United States
Focused on Implementing Long-Term Solutions for the Country’s Most Pressing Problems
Project ECHO remained at the forefront of addressing national health priorities in 2023.
Across the United States, the ECHO Institute and our ECHO partners tackled the opioid epidemic. To provide more comprehensive coverage to patients, we used a combination of state and collaborative regional programming, and partnered with the Center for Disease Control and Prevention.
The ECHO Institute launched the first national Violence Prevention ECHO program to equip clinicians with the communication skills needed to have important, and difficult, conversations about substance use and related issues, including domestic violence, suicidality, loneliness and gun violence.
Project ECHO was also included as a key part of the White House’s proposal for a five-year, $12.3 billion hepatitis-C elimination program.

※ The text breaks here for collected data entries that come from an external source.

definition N_admissible :: "nat \<Rightarrow> (nclass \<Rightarrow> nat) \<Rightarrow> bool" where
  "N_admissible N cnt \<longleftrightarrow>
     cnt DX1 + cnt DX2 + cnt DX3 = N \<and> cnt DY1 + cnt DY2 + cnt DY3 = N \<and>
     cnt DX1 + 3 \<le> N \<and> cnt DY1 + 3 \<le> N \<and> cnt DX3 \<le> 1 \<and> cnt DY3 \<le> 1"

lemma N_budget_walks_4:
  "\<forall>a1\<in>{0,1}. \<forall>a3\<in>{0,1}. \<forall>b1\<in>{0,1}. \<forall>b3\<in>{0,1::nat}. \<forall>st\<in>{DX1,DX2,DX3}. \<forall>en\<in>{DY1,DY2,DY3}.
     let cnt = N_counts a1 (4 - a1 - a3) a3 b1 (4 - b1 - b3) b3 in
     1 \<le> cnt st \<longrightarrow> 1 \<le> cnt en \<longrightarrow>
     (\<exists>w\<in>set (budget_walks nclasses N_cadj 7 (cnt(st := cnt st - 1)) st).
        last w = en \<and> (\<forall>c\<in>set nclasses. count_list w c = cnt c))"
  by code_simp

lemma N_counted_walk_4:
  assumes adm: "N_admissible 4 cnt"
    and st: "st \<in> {DX1, DX2, DX3}" and en: "en \<in> {DY1, DY2, DY3}"
    and pos: "1 \<le> cnt st" "1 \<le> cnt en"
  shows "\<exists>w. counted_walk N_cadj cnt st en w"
proof -
  have cnt: "cnt = N_counts (cnt DX1) (4 - cnt DX1 - cnt DX3) (cnt DX3)
      (cnt DY1) (4 - cnt DY1 - cnt DY3) (cnt DY3)"
    using adm by (auto simp: fun_eq_iff N_admissible_def N_counts_def split: nclass.split)
  have "cnt DX1 \<in> {0, 1}" "cnt DX3 \<in> {0, 1}" "cnt DY1 \<in> {0, 1}" "cnt DY3 \<in> {0, 1}"
    using adm by (auto simp: N_admissible_def)
  from N_budget_walks_4[rule_format, OF this st en, folded cnt, unfolded Let_def] pos
  have "\<exists>w\<in>set (budget_walks nclasses N_cadj 7 (cnt(st := cnt st - 1)) st).
      last w = en \<and> (\<forall>c\<in>set nclasses. count_list w c = cnt c)"
    by blast
  then show ?thesis by (rule counted_walk_if_budget_walk[OF set_nclasses])
qed

lemma N_admissible_step:
  assumes "4 \<le> N" and adm: "N_admissible (Suc N) cnt"
  shows "\<exists>x y. N_cadj x y \<and> N_cadj y x \<and> x \<noteq> y \<and> 2 \<le> cnt x \<and> 2 \<le> cnt y \<and>
    N_admissible N (cnt(x := cnt x - 1, y := cnt y - 1))"
proof -
  let ?x = "if cnt DX1 + 3 = Suc N then DX1 else DX2"
  let ?y = "if cnt DY1 + 3 = Suc N then DY1 else DY2"
  show ?thesis
    by (intro exI[of _ ?x] exI[of _ ?y]) (use assms in \<open>auto simp: N_admissible_def N_cadj_def\<close>)
qed

lemma N_counted_walk:
  assumes "4 \<le> N" "N_admissible N cnt" "st \<in> {DX1, DX2, DX3}" "en \<in> {DY1, DY2, DY3}"
    "1 \<le> cnt st" "1 \<le> cnt en"
  shows "\<exists>w. counted_walk N_cadj cnt st en w"
  using counted_walk_by_edge_reduction[where Inv = N_admissible and N\<^sub>0 = 4,
      OF N_counted_walk_4[OF _ assms(3,4)] N_admissible_step] assms
  by blast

With more than 20 years of experience since our first hepatitis-C ECHO program, the ECHO Institute, and our partners across the United States, stand ready to support the initiative.
Ensuring HIV Infectious Disease Expertise Reaches Rural Providers
What began in 2013 as one ECHO program serving physicians in northwestern New Mexico, the HIV Indian Country ECHO now includes programs in rural and under served urban areas across the country.
Grown from New Mexico’s ongoing partnership with the South Central AIDS Education and Training Center, providers in the HIV ECHO meet monthly to discuss the nuances of HIV care: from how to treat HIV alongside substance-use disorders to providing more aggressive forms of HIV prevention, such as pre- and post-exposure prophylaxis medicines..
With the national HIV treatment guidelines reaching hundreds of pages, ECHO specialists meet an important need by distilling their working knowledge into best practices for providers on the ground, providing a lifeline to busy care providers and their rural patients.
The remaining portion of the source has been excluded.